Exercise
Leaving out every line that comes before the one containing "by (rule Lim_transform_eventually)", output the rest of the records exactly, the final line included.

Record extracts
lemma smooth_step'_bounded: "\<exists>M>0. \<forall>x. smooth_step' x \<le> M"
proof -
  have "continuous_on {-1..1} smooth_step'"
  proof -
    have "deriv smooth_step = smooth_step'"
      by (rule ext, rule DERIV_imp_deriv, rule smooth_step_has_derivative)
    then have "smooth_step' differentiable at x" for x
      using smooth_upto_smooth_step[of "Suc 0"] unfolding smooth_upto_Suc smooth_upto_0 by auto
    then show ?thesis
      by (meson continuous_at_imp_continuous_on differentiable_imp_continuous_within)
  qed
  then obtain y where "y \<in> {-1..1}" "\<forall>x\<in>{-1..1}. smooth_step' x \<le> smooth_step' y"
    using continuous_attains_sup[of "{-1..1::real}" smooth_step'] by auto
  then show ?thesis
    using smooth_step'_zero smooth_step'_nonneg
    by (intro exI[of _ "smooth_step' y + 1"]) (smt (verit, best) atLeastAtMost_iff)
qed

section \<open>Integration and measurability\<close>

lemma integral_le_sum_of_boxes:
  fixes F :: "real \<Rightarrow> real" and c l r :: "nat \<Rightarrow> real"
  assumes F_meas: "F \<in> borel_measurable borel"
    and F_nn: "\<And>t. 0 \<le> F t" and F_le: "\<And>t. F t \<le> (\<Sum>k. c k * indicator {l k..r k} t)"
    and c_nn: "\<And>k. 0 \<le> c k" and lr: "\<And>k. l k \<le> r k"
    and fin: "\<And>t. \<exists>N. \<forall>k\<ge>N. c k * indicator {l k..r k} t = 0"
    and summ: "summable (\<lambda>k. c k * (r k - l k))"
  shows "integrable lborel F" "integral\<^sup>L lborel F \<le> (\<Sum>k. c k * (r k - l k))"
proof -
  define G where "G k t = c k * indicator {l k..r k} t" for k t
  have iG: "integrable lborel (G k)" for k
    unfolding G_def using lr[of k] by (intro integrable_mult_right integrable_real_indicator) auto
  have intG: "integral\<^sup>L lborel (G k) = c k * (r k - l k)" for k
    unfolding G_def using lr[of k] by (simp add: measure_def)
  have sG: "summable (\<lambda>k. norm (G k t))" for t
  proof -
    obtain N where N: "\<forall>k\<ge>N. G k t = 0" using fin[of t] unfolding G_def by blast
    show ?thesis by (rule summable_finite[of "{..<N}"]) (use N in auto)
  qed
  have nG: "(\<integral>x. norm (G k x) \<partial>lborel) = c k * (r k - l k)" for k
  proof -
    have "(\<lambda>x. norm (G k x)) = G k" using c_nn[of k] by (auto simp: G_def)
    then show ?thesis using intG by simp
  qed
  have I: "integrable lborel (\<lambda>t. \<Sum>k. G k t)"
    by (rule integrable_suminf[OF iG]) (use sG summ nG in auto)
  have II: "(\<integral>t. (\<Sum>k. G k t) \<partial>lborel) = (\<Sum>k. c k * (r k - l k))"
    using integral_suminf[OF iG] sG summ nG intG by auto
  have le: "norm (F t) \<le> norm (\<Sum>k. G k t)" for t
  proof -
    have "0 \<le> (\<Sum>k. G k t)" using F_nn[of t] F_le[of t] unfolding G_def by linarith
    then show ?thesis using F_nn[of t] F_le[of t] unfolding G_def by simp
  qed
  show iF: "integrable lborel F"
    by (rule Bochner_Integration.integrable_bound[OF I]) (use F_meas le in auto)
  have "integral\<^sup>L lborel F \<le> (\<integral>t. (\<Sum>k. G k t) \<partial>lborel)"
    by (rule integral_mono[OF iF I]) (use F_le in \<open>auto simp: G_def\<close>)
  then show "integral\<^sup>L lborel F \<le> (\<Sum>k. c k * (r k - l k))" using II by simp
qed

lemma differentiable_measurable:
  "(\<And>x. (q::real\<Rightarrow>real) differentiable at x) \<Longrightarrow> q \<in> borel_measurable borel"
  by (intro borel_measurable_continuous_onI)
     (meson continuous_at_imp_continuous_on differentiable_imp_continuous_within)

lemma radial_curv_measurable:
  assumes "\<And>x. m differentiable at x" "\<And>x. deriv (deriv m) differentiable at x"
  shows "radial_curv m \<in> borel_measurable borel"
proof -
  have [measurable]: "m \<in> borel_measurable borel" "deriv (deriv m) \<in> borel_measurable borel"
    using differentiable_measurable[OF assms(1)] differentiable_measurable[OF assms(2)] by auto
  have "(\<lambda>t. if t = 0 then - (deriv ^^ 3) m 0 else - deriv (deriv m) t / m t)
      \<in> borel_measurable borel"
    by measurable
  then show ?thesis by (simp add: radial_curv_def[abs_def])
qed

lemma finite_total_curvature_by_density:
  assumes q: "set_integrable lborel {0<..} q"
    and eq: "\<And>t. t > 0 \<Longrightarrow> radial_curv m t * m t = q t"
    and [measurable]: "m \<in> borel_measurable borel" "radial_curv m \<in> borel_measurable borel"
  shows "finite_total_curvature m"
    and "total_curvature m = 2 * pi * (LBINT t:{0<..}. q t)"
proof -
  have part: "set_integrable lborel {0<..} (\<lambda>t. clip (radial_curv m t) * m t)"
    if [measurable]: "clip \<in> borel_measurable borel" and le: "\<And>x. \<bar>clip x\<bar> \<le> \<bar>x\<bar>"
    for clip :: "real \<Rightarrow> real"
  proof (rule set_integrable_bound[OF q])
    show "set_borel_measurable lborel {0<..} (\<lambda>t. clip (radial_curv m t) * m t)"
      unfolding set_borel_measurable_def by measurable
    have "\<bar>clip (radial_curv m x)\<bar> * \<bar>m x\<bar> \<le> \<bar>q x\<bar>" if "x > 0" for x
      using mult_right_mono[OF le[of "radial_curv m x"], of "\<bar>m x\<bar>"] eq[OF that]
      by (simp add: abs_mult)
    then show "AE x in lborel. x \<in> {0<..} \<longrightarrow> norm (clip (radial_curv m x) * m x) \<le> norm (q x)"
      by (simp add: abs_mult)
  qed
  show fin: "finite_total_curvature m"
    unfolding finite_total_curvature_def
    using part[of "\<lambda>x. max x 0"] part[of "\<lambda>x. min x 0"] by auto
  have split: "max (radial_curv m t) 0 * m t + min (radial_curv m t) 0 * m t = q t" if "t > 0" for t
    using eq[OF that] by (cases "radial_curv m t \<ge> 0") (auto simp: max_def min_def algebra_simps)
  have "total_curvature m = 2 * pi * (LBINT t:{0<..}.
          max (radial_curv m t) 0 * m t + min (radial_curv m t) 0 * m t)"
    using fin set_integral_add(2) unfolding total_curvature_def finite_total_curvature_def
    by (simp add: distrib_left)
  also have "\<dots> = 2 * pi * (LBINT t:{0<..}. q t)"
    using split by (intro arg_cong[where f = "\<lambda>x. 2 * pi * x"] set_lebesgue_integral_cong) auto
  finally show "total_curvature m = 2 * pi * (LBINT t:{0<..}. q t)" .
qed

section \<open>Consequences of finite total curvature below 2 pi\<close>

locale finite_curvature_model =
  fixes f :: "real \<Rightarrow> real"
  assumes model: "model_surface f" and finite_curv: "finite_total_curvature f"
    and curv_lt: "total_curvature f < 2 * pi"
begin

abbreviation "K \<equiv> radial_curv f"

lemma smooth_f: "smooth_upto UNIV n f"
  using model unfolding model_surface_def smooth_real_iff by blast

lemma f_odd: "f (-t) = - f t" using model unfolding model_surface_def by blast
lemma f_pos: "t > 0 \<Longrightarrow> f t > 0" using model unfolding model_surface_def by blast
lemma f_0: "f 0 = 0" using f_odd[of 0] by simp
lemma f'_0: "deriv f 0 = 1" using model unfolding model_surface_def by blast

lemma f_differentiable: "f differentiable at x"
  using smooth_upto_differentiable[OF smooth_f[of 0]] by simp
lemma f'_differentiable: "deriv f differentiable at x"
  using smooth_f[of "Suc 0"] unfolding smooth_upto_Suc smooth_upto_0 by simp
lemma f''_differentiable: "deriv (deriv f) differentiable at x"
  using smooth_f[of "Suc (Suc 0)"] unfolding smooth_upto_Suc smooth_upto_0 by simp

lemma f''_0: "deriv (deriv f) 0 = 0"
proof -
  have "deriv f (-x) = deriv f x" for x
    using deriv_reflect[of f "-1" x] f_odd f_differentiable by simp
  then have "deriv (deriv f) (-x) = - deriv (deriv f) x" for x
    using deriv_reflect[of "deriv f" 1 x] f'_differentiable by simp
  from this[of 0] show ?thesis by simp
qed

text \<open>The Jacobi equation f'' + K f = 0, including t = 0 where both sides vanish.\<close>
lemma Jacobi: "t \<ge> 0 \<Longrightarrow> K t * f t = - deriv (deriv f) t"
  using f_pos[of t] by (cases "t = 0") (auto simp: radial_curv_def f_0 f''_0)

lemma continuous_on_f: "continuous_on A f"
  using f_differentiable
  by (meson continuous_at_imp_continuous_on differentiable_imp_continuous_within)

lemma continuous_on_f'': "continuous_on A (deriv (deriv f))"
  using f''_differentiable
  by (meson continuous_at_imp_continuous_on differentiable_imp_continuous_within)

lemma K_measurable: "K \<in> borel_measurable borel"
  by (rule radial_curv_measurable[OF f_differentiable f''_differentiable])

lemma f'_eq: "t \<ge> 0 \<Longrightarrow> deriv f t = 1 - integral {0..t} (\<lambda>s. K s * f s)"
proof -
  assume t: "t \<ge> 0"
  have "(deriv (deriv f) has_integral (deriv f t - deriv f 0)) {0..t}"
    using f'_differentiable
    by (intro fundamental_theorem_of_calculus[OF t])
       (auto simp: has_real_derivative_iff_has_vector_derivative[symmetric]
        DERIV_deriv_iff_real_differentiable intro: has_field_derivative_at_within)
  then have "((\<lambda>s. - (K s * f s)) has_integral (deriv f t - 1)) {0..t}"
    using Jacobi f'_0 by (auto intro: has_integral_eq)
  from has_integral_neg[OF this] show ?thesis by (simp add: integral_unique)
qed

lemma Kf_integrable: "set_integrable lborel {0<..} (\<lambda>t. K t * f t)"
proof -
  have "set_integrable lborel {0<..} (\<lambda>t. max (K t) 0 * f t + min (K t) 0 * f t)"
    using finite_curv unfolding finite_total_curvature_def by (intro set_integral_add) auto
  moreover have "max (K t) 0 * f t + min (K t) 0 * f t = K t * f t" for t
    by (cases "K t \<ge> 0") (auto simp: max_def min_def algebra_simps)
  ultimately show ?thesis by simp
qed

lemma indicator_Kf: "indicator {0..} t * (K t * f t) = indicator {0<..} t * (K t * f t)"
  by (cases "t = 0") (auto simp: f_0 indicator_def)

definition curv_mass :: real where "curv_mass = (LBINT t:{0<..}. K t * f t)"

lemma total_curvature_f: "total_curvature f = 2 * pi * curv_mass"
proof -
  have i: "set_integrable lborel {0<..} (\<lambda>t. max (K t) 0 * f t)"
        "set_integrable lborel {0<..} (\<lambda>t. min (K t) 0 * f t)"
    using finite_curv unfolding finite_total_curvature_def by auto
  have "max (K t) 0 * f t + min (K t) 0 * f t = K t * f t" for t
    by (cases "K t \<ge> 0") (auto simp: max_def min_def algebra_simps)
  then show ?thesis unfolding total_curvature_def curv_mass_def
    using set_integral_add(2)[OF i] by (simp add: algebra_simps)
qed

lemma curv_mass_lt_1: "curv_mass < 1" using curv_lt total_curvature_f by simp

lemma f'_tendsto: "(deriv f \<longlongrightarrow> 1 - curv_mass) at_top"
proof -
  have "set_integrable lborel {0..} (\<lambda>t. K t * f t)"
    using Kf_integrable unfolding set_integrable_def by (simp add: indicator_Kf)
  moreover have "curv_mass = (LBINT t:{0..}. K t * f t)"
    unfolding curv_mass_def set_lebesgue_integral_def by (simp add: indicator_Kf)
  ultimately have "((\<lambda>b. LBINT t:{0..b}. K t * f t) \<longlongrightarrow> curv_mass) at_top"
    by (simp add: tendsto_set_lebesgue_integral_at_top)
  moreover have "(LBINT t:{0..b}. K t * f t) = integral {0..b} (\<lambda>t. K t * f t)" for b
  proof -
    have "continuous_on {0..b} (\<lambda>t. - deriv (deriv f) t)"
      by (intro continuous_intros continuous_on_f'')
    then have "set_integrable lborel {0..b} (\<lambda>t. - deriv (deriv f) t)"
      by (rule borel_integrable_atLeastAtMost')
    moreover have "(\<lambda>x. indicator {0..b} x *\<^sub>R - deriv (deriv f) x)
        = (\<lambda>x. indicator {0..b} x *\<^sub>R (K x * f x))"
      by (rule ext) (auto simp: Jacobi indicator_def)
    ultimately have "set_integrable lborel {0..b} (\<lambda>t. K t * f t)"
      unfolding set_integrable_def by metis
    then show ?thesis by (rule set_borel_integral_eq_integral)
  qed
  ultimately have "((\<lambda>b. 1 - integral {0..b} (\<lambda>t. K t * f t)) \<longlongrightarrow> 1 - curv_mass) at_top"
    by (intro tendsto_intros) simp
  then show ?thesis
    by (rule Lim_transform_eventually)
       (auto simp: eventually_at_top_linorder f'_eq intro!: exI[of _ 0])
qed

definition abs_curv_mass :: real where "abs_curv_mass = (LBINT t:{0<..}. \<bar>K t * f t\<bar>)"

lemma abs_curv_mass_nonneg: "abs_curv_mass \<ge> 0"
  unfolding abs_curv_mass_def set_lebesgue_integral_def
  by (rule Bochner_Integration.integral_nonneg) (simp add: indicator_def)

Result of the exercise
    by (rule Lim_transform_eventually)
       (auto simp: eventually_at_top_linorder f'_eq intro!: exI[of _ 0])
qed

definition abs_curv_mass :: real where "abs_curv_mass = (LBINT t:{0<..}. \<bar>K t * f t\<bar>)"

lemma abs_curv_mass_nonneg: "abs_curv_mass \<ge> 0"
  unfolding abs_curv_mass_def set_lebesgue_integral_def
  by (rule Bochner_Integration.integral_nonneg) (simp add: indicator_def)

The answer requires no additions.